Activity » An identical copy of all records below is to be written out.

Supplied records »
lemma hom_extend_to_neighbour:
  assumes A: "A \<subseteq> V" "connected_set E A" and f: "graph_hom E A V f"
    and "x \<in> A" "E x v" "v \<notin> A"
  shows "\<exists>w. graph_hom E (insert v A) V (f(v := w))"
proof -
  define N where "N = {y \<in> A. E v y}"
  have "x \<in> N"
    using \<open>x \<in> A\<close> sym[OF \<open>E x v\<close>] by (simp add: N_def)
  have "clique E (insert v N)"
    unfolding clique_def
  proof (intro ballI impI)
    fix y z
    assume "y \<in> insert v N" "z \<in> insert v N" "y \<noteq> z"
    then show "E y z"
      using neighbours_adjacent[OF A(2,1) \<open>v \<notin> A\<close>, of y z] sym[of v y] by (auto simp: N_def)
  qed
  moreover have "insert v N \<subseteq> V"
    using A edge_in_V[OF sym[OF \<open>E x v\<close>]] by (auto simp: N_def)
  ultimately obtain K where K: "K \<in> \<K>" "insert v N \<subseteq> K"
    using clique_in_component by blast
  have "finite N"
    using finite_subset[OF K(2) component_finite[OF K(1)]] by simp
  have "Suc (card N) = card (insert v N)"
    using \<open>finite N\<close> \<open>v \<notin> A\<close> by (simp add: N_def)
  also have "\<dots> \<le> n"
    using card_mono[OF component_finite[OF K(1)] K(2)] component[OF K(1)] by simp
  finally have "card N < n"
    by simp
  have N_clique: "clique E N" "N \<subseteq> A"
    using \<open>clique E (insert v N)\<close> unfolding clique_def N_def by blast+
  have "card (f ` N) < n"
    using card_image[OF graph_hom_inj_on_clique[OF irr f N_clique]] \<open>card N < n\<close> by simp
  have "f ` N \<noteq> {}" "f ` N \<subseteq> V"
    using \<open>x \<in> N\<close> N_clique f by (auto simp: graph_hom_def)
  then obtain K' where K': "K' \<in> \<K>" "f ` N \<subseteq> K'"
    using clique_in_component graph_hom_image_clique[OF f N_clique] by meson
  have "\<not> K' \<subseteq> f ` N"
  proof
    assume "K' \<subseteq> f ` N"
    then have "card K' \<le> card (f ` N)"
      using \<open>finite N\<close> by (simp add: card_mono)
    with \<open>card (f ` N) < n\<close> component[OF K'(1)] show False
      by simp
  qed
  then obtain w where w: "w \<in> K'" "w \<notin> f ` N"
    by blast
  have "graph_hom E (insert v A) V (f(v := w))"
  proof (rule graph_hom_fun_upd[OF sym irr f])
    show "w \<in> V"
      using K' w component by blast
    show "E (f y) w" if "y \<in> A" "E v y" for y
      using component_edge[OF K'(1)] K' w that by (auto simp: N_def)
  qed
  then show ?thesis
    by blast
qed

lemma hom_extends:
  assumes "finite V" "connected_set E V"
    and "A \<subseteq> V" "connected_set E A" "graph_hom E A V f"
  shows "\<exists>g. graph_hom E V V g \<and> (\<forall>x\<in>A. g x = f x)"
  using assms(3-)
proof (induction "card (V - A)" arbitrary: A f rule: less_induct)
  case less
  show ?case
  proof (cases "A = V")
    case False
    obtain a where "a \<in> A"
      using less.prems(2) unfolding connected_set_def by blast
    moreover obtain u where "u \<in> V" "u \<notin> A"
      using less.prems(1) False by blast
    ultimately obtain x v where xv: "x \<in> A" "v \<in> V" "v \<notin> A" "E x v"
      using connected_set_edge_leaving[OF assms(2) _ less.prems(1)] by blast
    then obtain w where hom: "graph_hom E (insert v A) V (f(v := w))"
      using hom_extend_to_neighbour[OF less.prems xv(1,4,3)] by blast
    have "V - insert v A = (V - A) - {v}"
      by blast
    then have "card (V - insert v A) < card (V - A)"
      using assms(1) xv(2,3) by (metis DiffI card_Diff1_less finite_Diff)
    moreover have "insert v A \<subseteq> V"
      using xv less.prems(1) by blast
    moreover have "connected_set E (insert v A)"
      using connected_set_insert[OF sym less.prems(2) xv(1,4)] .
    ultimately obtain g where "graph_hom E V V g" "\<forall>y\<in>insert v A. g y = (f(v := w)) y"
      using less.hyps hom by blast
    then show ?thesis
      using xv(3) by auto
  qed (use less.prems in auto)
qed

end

Finished task »
lemma hom_extend_to_neighbour:
  assumes A: "A \<subseteq> V" "connected_set E A" and f: "graph_hom E A V f"
    and "x \<in> A" "E x v" "v \<notin> A"
  shows "\<exists>w. graph_hom E (insert v A) V (f(v := w))"
proof -
  define N where "N = {y \<in> A. E v y}"
  have "x \<in> N"
    using \<open>x \<in> A\<close> sym[OF \<open>E x v\<close>] by (simp add: N_def)
  have "clique E (insert v N)"
    unfolding clique_def
  proof (intro ballI impI)
    fix y z
    assume "y \<in> insert v N" "z \<in> insert v N" "y \<noteq> z"
    then show "E y z"
      using neighbours_adjacent[OF A(2,1) \<open>v \<notin> A\<close>, of y z] sym[of v y] by (auto simp: N_def)
  qed
  moreover have "insert v N \<subseteq> V"
    using A edge_in_V[OF sym[OF \<open>E x v\<close>]] by (auto simp: N_def)
  ultimately obtain K where K: "K \<in> \<K>" "insert v N \<subseteq> K"
    using clique_in_component by blast
  have "finite N"
    using finite_subset[OF K(2) component_finite[OF K(1)]] by simp
  have "Suc (card N) = card (insert v N)"
    using \<open>finite N\<close> \<open>v \<notin> A\<close> by (simp add: N_def)
  also have "\<dots> \<le> n"
    using card_mono[OF component_finite[OF K(1)] K(2)] component[OF K(1)] by simp
  finally have "card N < n"
    by simp
  have N_clique: "clique E N" "N \<subseteq> A"
    using \<open>clique E (insert v N)\<close> unfolding clique_def N_def by blast+
  have "card (f ` N) < n"
    using card_image[OF graph_hom_inj_on_clique[OF irr f N_clique]] \<open>card N < n\<close> by simp
  have "f ` N \<noteq> {}" "f ` N \<subseteq> V"
    using \<open>x \<in> N\<close> N_clique f by (auto simp: graph_hom_def)
  then obtain K' where K': "K' \<in> \<K>" "f ` N \<subseteq> K'"
    using clique_in_component graph_hom_image_clique[OF f N_clique] by meson
  have "\<not> K' \<subseteq> f ` N"
  proof
    assume "K' \<subseteq> f ` N"
    then have "card K' \<le> card (f ` N)"
      using \<open>finite N\<close> by (simp add: card_mono)
    with \<open>card (f ` N) < n\<close> component[OF K'(1)] show False
      by simp
  qed
  then obtain w where w: "w \<in> K'" "w \<notin> f ` N"
    by blast
  have "graph_hom E (insert v A) V (f(v := w))"
  proof (rule graph_hom_fun_upd[OF sym irr f])
    show "w \<in> V"
      using K' w component by blast
    show "E (f y) w" if "y \<in> A" "E v y" for y
      using component_edge[OF K'(1)] K' w that by (auto simp: N_def)
  qed
  then show ?thesis
    by blast
qed

lemma hom_extends:
  assumes "finite V" "connected_set E V"
    and "A \<subseteq> V" "connected_set E A" "graph_hom E A V f"
  shows "\<exists>g. graph_hom E V V g \<and> (\<forall>x\<in>A. g x = f x)"
  using assms(3-)
proof (induction "card (V - A)" arbitrary: A f rule: less_induct)
  case less
  show ?case
  proof (cases "A = V")
    case False
    obtain a where "a \<in> A"
      using less.prems(2) unfolding connected_set_def by blast
    moreover obtain u where "u \<in> V" "u \<notin> A"
      using less.prems(1) False by blast
    ultimately obtain x v where xv: "x \<in> A" "v \<in> V" "v \<notin> A" "E x v"
      using connected_set_edge_leaving[OF assms(2) _ less.prems(1)] by blast
    then obtain w where hom: "graph_hom E (insert v A) V (f(v := w))"
      using hom_extend_to_neighbour[OF less.prems xv(1,4,3)] by blast
    have "V - insert v A = (V - A) - {v}"
      by blast
    then have "card (V - insert v A) < card (V - A)"
      using assms(1) xv(2,3) by (metis DiffI card_Diff1_less finite_Diff)
    moreover have "insert v A \<subseteq> V"
      using xv less.prems(1) by blast
    moreover have "connected_set E (insert v A)"
      using connected_set_insert[OF sym less.prems(2) xv(1,4)] .
    ultimately obtain g where "graph_hom E V V g" "\<forall>y\<in>insert v A. g y = (f(v := w)) y"
      using less.hyps hom by blast
    then show ?thesis
      using xv(3) by auto
  qed (use less.prems in auto)
qed

end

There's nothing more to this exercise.